Cellulase breaks down its leaves and stalks

May 23, 2007 15:19 GMT  ·  By

People consider ethanol (biofuel) as being a solution to replace gas as this has reached high prices (up to $3-a-gallon) and the oil resources are finishing, being forecast to drop significantly in 30 years, not mentioning that most petroleum-rich nations are unreliable, non-democratic and unstable nations. Ethanol is currently made of corn grains, but this result is still costly; using the plant's inedible parts (biomass) would make the cost more efficient.

"Converting biomass would add value to the corn residues that are currently not used," said genetic engineer Mariam Sticklen of Michigan State University.

But turning corn leaves and stalks into useful sugars might become complicated and costly. That's why Sticklen's team has genetically engineered corn plants that produce by themselves the enzymes that break down their own tissues. For the moment, three undisclosed companies are interested in the mutant corn.

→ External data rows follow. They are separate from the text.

(* Fix a round $t$ and the graph $G$ described in the context. Run the simulated annealing chain described in the context, and let $\mathcal{J}\subseteq\mathbb{V}$ be the set of vertices of maximal energy $E$. Then $$\lim_{j\to\infty}\mathbb{P}(\mathcal{V}_j\in\mathcal{J})=1.$$
   Context: Setting: users $\mathbb{K}=\{1,\dots,K\}$, with $1\le m<K$. At the fixed round $t$ each user has real values $u_k=\mathrm{ucb}(k,t-1)$, $g_k(t-1)$, $p_k(t-1)$, with ties in $u$ broken by a fixed total order. $\Phi_{\rm g}$ and $\Phi_{\rm p}$ are bounded functions of $(\{g_k(t-1)\}_{k\in\mathcal{V}},\mathcal{V})$ and $(\{p_k(t-1)\}_{k\in\mathcal{V}},\mathcal{V})$ respectively, with ranges $\Delta_{\Phi_{\rm g}},\Delta_{\Phi_{\rm p}}$. The constants satisfy $\alpha,\gamma>0$. Energy: for an $m$-set $\mathcal{V}$, $$E(\mathcal{V})=\min_{k\in\mathcal{V}}u_k+\alpha\Phi_{\rm g}(\{g_k(t-1)\}_{k\in\mathcal{V}},\mathcal{V})+\gamma\Phi_{\rm p}(\{p_k(t-1)\}_{k\in\mathcal{V}},\mathcal{V}).$$ Graph: the vertex set $\mathbb{V}$ consists of all $m$-subsets of $\mathbb{K}$. $\mathcal{U}$ is an active neighbor of $\mathcal{V}$ if $|\mathcal{V}\cap\mathcal{U}|=m-1$ and the element of $\mathcal{V}\setminus\mathcal{U}$ is $\arg\min_{k\in\mathcal{V}}u_k$. $\mathcal{V}$ and $\mathcal{U}$ are neighbors if one is an active neighbor of the other. $\mathcal{N}_{\mathcal{V}}$ denotes the neighbor set of $\mathcal{V}$. Temperature: let $k_m$ be the user with the $m$-th largest $u$, and set $C=u_{k_m}-\min_{k'\in\mathbb{K}}u_{k'}+\alpha\Delta_{\Phi_{\rm g}}+\gamma\Delta_{\Phi_{\rm p}}$. The temperature at iteration $j$ is $\tau_j=C/\log(j+1)$. Simulated annealing chain: - $\mathcal{V}_1\in\mathbb{V}$ is arbitrary. - At iteration $j$, sample $\mathcal{U}$ uniformly from $\mathcal{N}_{\mathcal{V}_j}$. - If $E(\mathcal{U})\ge E(\mathcal{V}_j)$, set $\mathcal{V}_{j+1}=\mathcal{U}$. - Otherwise, set $\mathcal{V}_{j+1}=\mathcal{U}$ with probability $\exp\!\big(-(E(\mathcal{V}_j)-E(\mathcal{U}))/\tau_j\big)$, and $\mathcal{V}_{j+1}=\mathcal{V}_j$ with the remaining probability. *)

theory Defs
  imports "HOL-Probability.Probability" "HOL-Library.FuncSet"
begin

definition vertices :: "nat \<Rightarrow> nat \<Rightarrow> nat set set" where
  "vertices K m = {V. V \<subseteq> {1..K} \<and> card V = m}"

definition energy ::
  "(nat \<Rightarrow> real) \<Rightarrow> (nat \<Rightarrow> real) \<Rightarrow> (nat \<Rightarrow> real) \<Rightarrow>
   ((nat \<Rightarrow> real) \<Rightarrow> nat set \<Rightarrow> real) \<Rightarrow> ((nat \<Rightarrow> real) \<Rightarrow> nat set \<Rightarrow> real) \<Rightarrow>
   real \<Rightarrow> real \<Rightarrow> nat set \<Rightarrow> real" where
  "energy u g p Phig Phip \<alpha> \<gamma> V =
     Min (u ` V) + \<alpha> * Phig (restrict g V) V + \<gamma> * Phip (restrict p V) V"

text \<open>Argmin of u over V, ties broken by the fixed total order given by an injective
  rk function: k precedes k' iff (u k, rk k) is lexicographically smaller.\<close>
definition argmin_u :: "(nat \<Rightarrow> real) \<Rightarrow> (nat \<Rightarrow> nat) \<Rightarrow> nat set \<Rightarrow> nat" where
  "argmin_u u rk V = (THE k. k \<in> V \<and>
      (\<forall>k'\<in>V. k' \<noteq> k \<longrightarrow> u k < u k' \<or> (u k = u k' \<and> rk k < rk k')))"

definition active_nbr :: "(nat \<Rightarrow> real) \<Rightarrow> (nat \<Rightarrow> nat) \<Rightarrow> nat \<Rightarrow> nat set \<Rightarrow> nat set \<Rightarrow> bool" where
  "active_nbr u rk m V U \<longleftrightarrow> card (V \<inter> U) = m - 1 \<and> V - U = {argmin_u u rk V}"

There are cars in US already running on gasoline mixed with some small ethanol levels (about 10 %). But fermenting corn grain to get ethanol is not sustainable.

"We have a limited amount of corn grain. Even if everyone went on maize-free diets and put every ear of corn into ethanol, it would meet only 15 % of U.S. transportation fuel needs", Sticklen said.

The solution would be employing corn's biomass, made of cellulose, a sugar polymer. To turn cellulose into ethanol, it must be broken down first to glucose by an enzyme named cellulase. Turning glucose into ethanol is the easiest step (in fact, grains' starch is broken down first to glucose, too, but the starch's break down is a much easier process).

In the last 5 years, cellulase technology cost decreased 25 times, due to genetically engineered bacteria that carry the cellulase gene and break down the cellulose.

"Still, cellulose-derived ethanol costs about $2.30 a gallon. To compete with other fuels, the price needs to come down to between $1.00 and $1.50," Sticklen said.

The enzymes are programmed to start digesting the cellulose only when the biomass is crushed up and heated. This technology would make the ethanol production cheaper, but for the moment there are no large-scale cellulose-derived ethanol facilities.

The mutant corn is developed in such a way as to control where the cellulase forms, so that the enzyme won't disintegrate the kernels we eat. Moreover, the cellulase genes do not enter the pollen grains, so that they cannot be transmitted through simple reproduction, nor spread into nearby corn fields.